● **Data provided**
lemma nn_integral_reward_rectangle:
  assumes [measurable]: "B \<in> sets borel" "C \<in> sets borel"
  shows "(\<integral>\<^sup>+\<omega>. indicator B (X \<omega>) * indicator {\<omega>. A \<omega> = k} \<omega> * indicator C (R \<omega>) \<partial>M)
       = (\<integral>\<^sup>+\<omega>. indicator B (X \<omega>) * ennreal (p k (X \<omega>)) * emeasure (kap (X \<omega>) k) C \<partial>M)"
proof -
  have "(\<integral>\<^sup>+\<omega>. indicator B (X \<omega>) * indicator {\<omega>. A \<omega> = k} \<omega> * indicator C (R \<omega>) \<partial>M)
      = (\<integral>\<^sup>+\<omega>. indicator {\<omega> \<in> space M. X \<omega> \<in> B \<and> A \<omega> = k \<and> R \<omega> \<in> C} \<omega> \<partial>M)"
    by (intro nn_integral_cong) (auto simp: indicator_def)
  also have "\<dots> = ennreal (\<integral>\<omega>. indicator {\<omega>. X \<omega> \<in> B \<and> A \<omega> = k} \<omega> * measure (kap (X \<omega>) k) C \<partial>M)"
    by (simp add: emeasure_eq_measure R_cond)
  also have "\<dots> = (\<integral>\<^sup>+\<omega>. indicator B (X \<omega>) * emeasure (kap (X \<omega>) k) C * indicator {\<omega>. A \<omega> = k} \<omega> \<partial>M)"
  proof -
    have [measurable]: "(\<lambda>\<omega>. measure (kap (X \<omega>) k) C) \<in> borel_measurable M"
      by (simp add: measure_def)
    show ?thesis
      by (subst nn_integral_eq_integral[symmetric])
        (auto intro!: integrable_const_bound[where B=1] nn_integral_cong
          simp: indicator_def emeasure_kap_eq_measure
            prob_space.prob_le_1[OF kap_prob_space])
  qed
  also have "\<dots> = (\<integral>\<^sup>+\<omega>. indicator B (X \<omega>) * emeasure (kap (X \<omega>) k) C * ennreal (p k (X \<omega>)) \<partial>M)"
    by (rule nn_integral_action_indicator) measurable
  finally show ?thesis
    by (simp add: mult_ac)
qed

● **Exercise**
Every line between the one holding "C * ennreal" and the end of the listing above, inclusive, must be transcribed exactly; omit all others.

● **Problem solution**
  also have "\<dots> = (\<integral>\<^sup>+\<omega>. indicator B (X \<omega>) * emeasure (kap (X \<omega>) k) C * ennreal (p k (X \<omega>)) \<partial>M)"
    by (rule nn_integral_action_indicator) measurable
  finally show ?thesis
    by (simp add: mult_ac)
qed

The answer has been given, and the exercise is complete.